Je le soupçonne d’avoir envie d’une maison pour qu’on y emménage tous ensemble. Je fais l’autruche. Un soir, il me lance un ultimatum : « Je suis très bien avec toi, mais je veux construire une famille. Si tu ne veux pas d’enfant avec moi, je ne vais pas rester. »
Il n’a que faire du regard des autres
Je tombe enceinte, on se cherche une maison. Pour la financer, il vend son appart. Il veut aussi voir grandir sa fille. Le calcul est vite fait. Il gagne beaucoup moins que moi. A la banque, son boulot ne le passionne pas. Il demande un congé parental de trois ans. Avec le prix de la nounou, on est largement gagnants. Moi, cela ne me déplaît pas.
Le matin, je pars à 8 heures, lui, il donne les biberons, fait les courses… En même temps, il retape entièrement la maison. La plomberie, l’électricité, il apprend tout sur Internet. Il m’épate.
Rebelote avec notre deuxième enfant, Jules. Nouveau congé parental de trois ans. On revend la maison pour une autre, plus grande.
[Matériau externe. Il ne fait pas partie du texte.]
(* If $B^{(0)}(X,Y),\dots,B^{(\ell)}(X,Y)\in\mathbb F_q[X,Y]$ is a basis of the $\mathbb F_q[X]$-module $M_{s,\ell}$, then $G(X)^{s+1},\,B^{(0)}(X,Y)(Y-R(X)),\dots,B^{(\ell)}(X,Y)(Y-R(X))$ is a basis of $M_{s+1,\ell+1}$.
   Context: Let $\mathbb F_q$ be a finite field and $n<q$. Let $\alpha_0,\dots,\alpha_{n-1}$ be distinct nonzero elements of $\mathbb F_q$, $w_0,\dots,w_{n-1}$ nonzero elements of $\mathbb F_q$, $r\in\mathbb F_q^n$, $r_i'=r_i/w_i$, $G(X)=\prod_i(X-\alpha_i)$, and $R(X)$ the unique polynomial of degree less than $n$ with $R(\alpha_i)=r_i'$. For positive integers $s\le\ell$, $M_{s,\ell}$ is the $\mathbb F_q[X]$-module of all $Q\in\mathbb F_q[X,Y]$ of $Y$-degree at most $\ell$ such that for every $i$, $Q(X+\alpha_i,Y+r_i')$ has no monomials of total degree less than $s$. *)

theory Defs
  imports "HOL-Computational_Algebra.Polynomial"
begin

text \<open>Bivariate polynomials in F[X,Y] are represented as elements of type
  'a poly poly: polynomials in Y whose coefficients are polynomials in X.
  The Y-degree is 'degree', and coeff (coeff Q j) i is the coefficient of X^i Y^j.\<close>

definition shiftXY :: "'a::comm_ring_1 poly poly \<Rightarrow> 'a \<Rightarrow> 'a \<Rightarrow> 'a poly poly" where
  "shiftXY Q a b = pcompose (map_poly (\<lambda>c. pcompose c [:a, 1:]) Q) [:[:b:], 1:]"
  \<comment> \<open>Q(X + a, Y + b)\<close>

definition no_low_monomials :: "nat \<Rightarrow> 'a::zero poly poly \<Rightarrow> bool" where
  "no_low_monomials s Q \<longleftrightarrow> (\<forall>i j. i + j < s \<longrightarrow> coeff (coeff Q j) i = 0)"

definition M_mod :: "(nat \<Rightarrow> 'a::comm_ring_1) \<Rightarrow> (nat \<Rightarrow> 'a) \<Rightarrow> nat \<Rightarrow> nat \<Rightarrow> nat \<Rightarrow> 'a poly poly set" where
  "M_mod \<alpha> r' n s l = {Q. degree Q \<le> l \<and> (\<forall>i<n. no_low_monomials s (shiftXY Q (\<alpha> i) (r' i)))}"

definition is_module_basis :: "'a::comm_ring_1 poly poly set \<Rightarrow> nat \<Rightarrow> (nat \<Rightarrow> 'a poly poly) \<Rightarrow> bool" where
  "is_module_basis M k B \<longleftrightarrow> (\<forall>i<k. B i \<in> M) \<and>
     (\<forall>Q\<in>M. \<exists>!c. (\<forall>i\<ge>k. c i = 0) \<and> Q = (\<Sum>i<k. smult (c i) (B i)))"

end

theory Submission
  imports Defs
begin

text \<open>Let L = Y - R(X). Because R(alpha_i) = r'_i, the shift (X, Y) to (X + alpha_i, Y + r'_i)
  turns L into Y - T with T(0) = 0, so multiplying by L raises the order of vanishing at every
  point (alpha_i, r'_i) by one, and dividing an element of M_{s+1,l+1} by L lowers it by one.
  Dividing Q in M_{s+1,l+1} by L, which is monic in Y, gives Q = L Q' + E(X) with Q' in M_{s,l}
  and E = Q(X, R(X)); substituting Y = R shows that E vanishes to order s + 1 at every alpha_i,
  so G^{s+1} divides E. Uniqueness of the representation follows by evaluating at Y = R and
  then cancelling L.\<close>

lemma map_poly_hom_add:
  assumes "f 0 = 0" "\<And>x y. f (x + y) = f x + f y"
  shows "map_poly f (p + q) = map_poly f p + map_poly f q"
  by (intro poly_eqI) (simp add: coeff_map_poly assms)

lemma map_poly_hom_mult:
  assumes "f 0 = 0" "\<And>x y. f (x + y) = f x + f y" "\<And>x y. f (x * y) = f x * f y"
  shows "map_poly f (p * q) = map_poly f p * map_poly f q"
proof (induction p)
  case (pCons a p)
  have "map_poly f (pCons a p * q) = map_poly f (smult a q + pCons 0 (p * q))"
    by simp
  also have "\<dots> = smult (f a) (map_poly f q) + pCons 0 (map_poly f p * map_poly f q)"
    by (simp add: map_poly_hom_add[OF assms(1,2)] map_poly_smult assms map_poly_pCons pCons.IH)
  finally show ?case
    by (simp add: map_poly_pCons assms)
qed simp

lemma pcompose_dvd_pcompose: "p dvd q \<Longrightarrow> pcompose p r dvd pcompose q r"
  by (auto simp: pcompose_mult elim!: dvdE)

lemma pcompose_power_left: "pcompose (p ^ m) q = pcompose p q ^ m"
  by (induction m) (simp_all add: pcompose_mult pcompose_1)

lemma linear_power_dvd_iff_pcompose:
  fixes E :: "'a::comm_ring_1 poly"
  shows "[:-a, 1:] ^ m dvd E \<longleftrightarrow> [:0, 1:] ^ m dvd pcompose E [:a, 1:]"
proof
  have shift: "pcompose [:c, 1:] [:-c, 1:] = [:0, 1:]" for c :: 'a
    by (simp add: pcompose_pCons)
  show "[:0, 1:] ^ m dvd pcompose E [:a, 1:]" if "[:-a, 1:] ^ m dvd E"
    using pcompose_dvd_pcompose[OF that, of "[:a, 1:]"] shift[of "-a"]
    by (simp add: pcompose_power_left)
  assume "[:0, 1:] ^ m dvd pcompose E [:a, 1:]"
  from pcompose_dvd_pcompose[OF this, of "[:-a, 1:]"] show "[:-a, 1:] ^ m dvd E"
    by (simp add: pcompose_power_left pcompose_assoc[symmetric] shift pcompose_pCons)
qed

lemma x_dvd_pcompose_diff_const_iff:
  fixes R :: "'a::comm_ring_1 poly"
  shows "[:0, 1:] dvd pcompose R [:a, 1:] - [:b:] \<longleftrightarrow> poly R a = b"
  using dvd_iff_poly_eq_0[of 0 "pcompose R [:a, 1:] - [:b:]"]
  by (simp add: poly_pcompose)

lemma prod_linear_power_dvd:
  fixes E :: "'a::idom poly" and x :: "nat \<Rightarrow> 'a"
  assumes "\<forall>i<m. [:-x i, 1:] ^ k dvd E" and "\<forall>i<m. \<forall>j<m. i \<noteq> j \<longrightarrow> x i \<noteq> x j"
  shows "(\<Prod>j<m. [:-x j, 1:]) ^ k dvd E"
  using assms
proof (induction m)
  case (Suc m)
  let ?P = "(\<Prod>j<m. [:-x j, 1:]) ^ k"
  from Suc obtain F where F: "E = ?P * F"
    by (auto elim: dvdE)
  have "[:-x m, 1:] ^ k dvd F"
  proof (cases "F = 0")
    case False
    have "poly ?P (x m) \<noteq> 0"
      using Suc.prems(2) by (auto simp: poly_prod poly_power)
    then have "order (x m) E = order (x m) F"
      using F False order_mult[of ?P F "x m"] by (auto simp: order_0I)
    moreover have "[:-x m, 1:] ^ k dvd E"
      using Suc.prems(1) by simp
    ultimately show ?thesis
      using False F by (simp add: order_divides)
  qed simp
  then have "?P * [:-x m, 1:] ^ k dvd E"
    unfolding F by (rule mult_dvd_mono[OF dvd_refl])
  then show ?case
    by (simp only: prod.lessThan_Suc power_mult_distrib)
qed simp

lemma no_low_monomials_iff_dvd:
  fixes Q :: "'a::comm_ring_1 poly poly"
  shows "no_low_monomials s Q \<longleftrightarrow> (\<forall>j. [:0, 1:] ^ (s - j) dvd coeff Q j)"
proof -
  have "[:0, 1:] ^ m = (monom 1 m :: 'a poly)" for m
    by (simp add: monom_altdef)
  then show ?thesis
    by (auto simp: no_low_monomials_def monom_1_dvd_iff' less_diff_conv)
qed

lemma no_low_monomials_const_iff:
  fixes p :: "'a::comm_ring_1 poly"
  shows "no_low_monomials s [:p:] \<longleftrightarrow> [:0, 1:] ^ s dvd p"
  by (auto simp: no_low_monomials_iff_dvd coeff_pCons split: nat.splits)

lemma no_low_monomials_diff:
  "no_low_monomials s P \<Longrightarrow> no_low_monomials s Q \<Longrightarrow> no_low_monomials s (P - Q)"
  by (simp add: no_low_monomials_def)

lemma no_low_monomials_linear_mult:
  fixes P :: "'a::comm_ring_1 poly poly"
  assumes c: "[:0, 1:] dvd c" and P: "no_low_monomials s P"
  shows "no_low_monomials (s + 1) ([:-c, 1:] * P)"
  unfolding no_low_monomials_iff_dvd
proof
  fix j
  have "[:0, 1:] * [:0, 1:] ^ (s - j) dvd c * coeff P j"
    using P by (intro mult_dvd_mono[OF c]) (simp add: no_low_monomials_iff_dvd)
  then have "[:0, 1:] ^ (s + 1 - j) dvd c * coeff P j"
    by (rule dvd_trans[rotated]) (simp add: le_imp_power_dvd flip: power_Suc)
  moreover have "[:0, 1:] ^ (s + 1 - Suc i) dvd coeff P i" for i
    using P by (simp add: no_low_monomials_iff_dvd)
  ultimately show "[:0, 1:] ^ (s + 1 - j) dvd coeff ([:-c, 1:] * P) j"
    by (cases j) (simp_all add: coeff_pCons)
qed

lemma no_low_monomials_linear_mult_cancel:
  fixes P :: "'a::comm_ring_1 poly poly"
  assumes c: "[:0, 1:] dvd c" and cP: "no_low_monomials (s + 1) ([:-c, 1:] * P)"
  shows "no_low_monomials s P"
proof -
  have "s - j \<le> d \<Longrightarrow> [:0, 1:] ^ (s - j) dvd coeff P j" for d j
  proof (induction d arbitrary: j)
    case (Suc d)
    show ?case
    proof (cases "s - j = Suc d")
      case True
      then have "[:0, 1:] ^ (s - Suc j) dvd coeff P (Suc j)"
        using Suc.IH by simp
      then have "[:0, 1:] * [:0, 1:] ^ (s - Suc j) dvd c * coeff P (Suc j)"
        by (rule mult_dvd_mono[OF c])
      then have "[:0, 1:] ^ (s - j) dvd c * coeff P (Suc j)"
        using True by (simp add: Suc_diff_Suc flip: power_Suc)
      moreover have "[:0, 1:] ^ (s - j) dvd - (c * coeff P (Suc j)) + coeff P j"
      proof -
        have "[:0, 1:] ^ (s + 1 - Suc j) dvd coeff ([:-c, 1:] * P) (Suc j)"
          using cP unfolding no_low_monomials_iff_dvd ..
        then show ?thesis
          by simp
      qed
      ultimately have "[:0, 1:] ^ (s - j) dvd c * coeff P (Suc j) + (- (c * coeff P (Suc j)) + coeff P j)"
        by (rule dvd_add)
      then show ?thesis
        by simp
    qed (use Suc in simp)
  qed simp
  then show ?thesis
    by (auto simp: no_low_monomials_iff_dvd)
qed

lemma no_low_monomials_poly_dvd:
  fixes S :: "'a::comm_ring_1 poly poly"
  assumes S: "no_low_monomials s S" and T: "[:0, 1:] dvd T"
  shows "[:0, 1:] ^ s dvd poly S T"
  unfolding poly_altdef
proof (rule dvd_sum)
  fix j
  have "[:0, 1:] ^ (s - j) * [:0, 1:] ^ j dvd coeff S j * T ^ j"
    using S T by (simp add: no_low_monomials_iff_dvd mult_dvd_mono dvd_power_same)
  then show "[:0, 1:] ^ s dvd coeff S j * T ^ j"
    by (rule dvd_trans[rotated]) (simp add: le_imp_power_dvd flip: power_add)
qed

lemma shiftXY_add: "shiftXY (P + Q) a b = shiftXY P a b + shiftXY Q a b"
  by (simp add: shiftXY_def map_poly_hom_add pcompose_add)

lemma shiftXY_mult: "shiftXY (P * Q) a b = shiftXY P a b * shiftXY Q a b"
  by (simp add: shiftXY_def map_poly_hom_mult pcompose_add pcompose_mult)

lemma shiftXY_diff: "shiftXY (P - Q) a b = shiftXY P a b - shiftXY Q a b"
  using shiftXY_add[of "P - Q" Q a b] by (simp add: algebra_simps)

lemma shiftXY_const: "shiftXY [:p:] a b = [:pcompose p [:a, 1:]:]"
  by (simp add: shiftXY_def map_poly_pCons)

lemma shiftXY_linear:
  "shiftXY [:-R, 1:] a b = [:-(pcompose R [:a, 1:] - [:b:]), 1:]"
  by (simp add: shiftXY_def map_poly_pCons pcompose_pCons pcompose_uminus pcompose_1)

lemma pcompose_poly_shiftXY:
  "pcompose (poly Q R) [:a, 1:] = poly (shiftXY Q a b) (pcompose R [:a, 1:] - [:b:])"
proof -
  have "pcompose (poly Q R) [:a, 1:]
      = poly (map_poly (\<lambda>c. pcompose c [:a, 1:]) Q) (pcompose R [:a, 1:])"
    by (induction Q) (simp_all add: map_poly_pCons pcompose_add pcompose_mult)
  then show ?thesis
    by (simp add: shiftXY_def poly_pcompose)
qed

lemma is_module_basis_linear_independent:
  assumes "is_module_basis M k B" and "0 \<in> M"
    and "\<forall>i\<ge>k. c i = 0" and "(\<Sum>i<k. smult (c i) (B i)) = 0"
  shows "c = (\<lambda>_. 0)"
proof -
  have "\<exists>!c. (\<forall>i\<ge>k. c i = 0) \<and> 0 = (\<Sum>i<k. smult (c i) (B i))"
    using assms(1,2) unfolding is_module_basis_def by blast
  then obtain c0 where c0: "\<And>c'. (\<forall>i\<ge>k. c' i = 0) \<and> 0 = (\<Sum>i<k. smult (c' i) (B i)) \<Longrightarrow> c' = c0"
    by blast
  have "c = c0"
    using assms(3,4) by (intro c0) simp
  moreover have "(\<lambda>_. 0) = c0"
    by (intro c0) simp
  ultimately show ?thesis
    by simp
qed

lemma sum_adjoin_split:
  "(\<Sum>i<k + 1. smult (c i) (if i = 0 then [:H:] else B (i - 1) * L))
     = [:c 0 * H:] + (\<Sum>i<k. smult (c (Suc i)) (B i)) * L"
  by (simp add: sum.lessThan_Suc_shift sum_distrib_right del: sum.lessThan_Suc)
Il est heureux, et ce que pensent les autres il s’en contrefout. Tous les deux, nous avons eu des parents soixante-huitards, engagés en politique, très bobos, qui nous ont appris à casser les codes. D’ailleurs, je trouve que tout a changé, même en province. Et ses copains l’envient plutôt.
En fait, nous avons trouvé l’équilibre.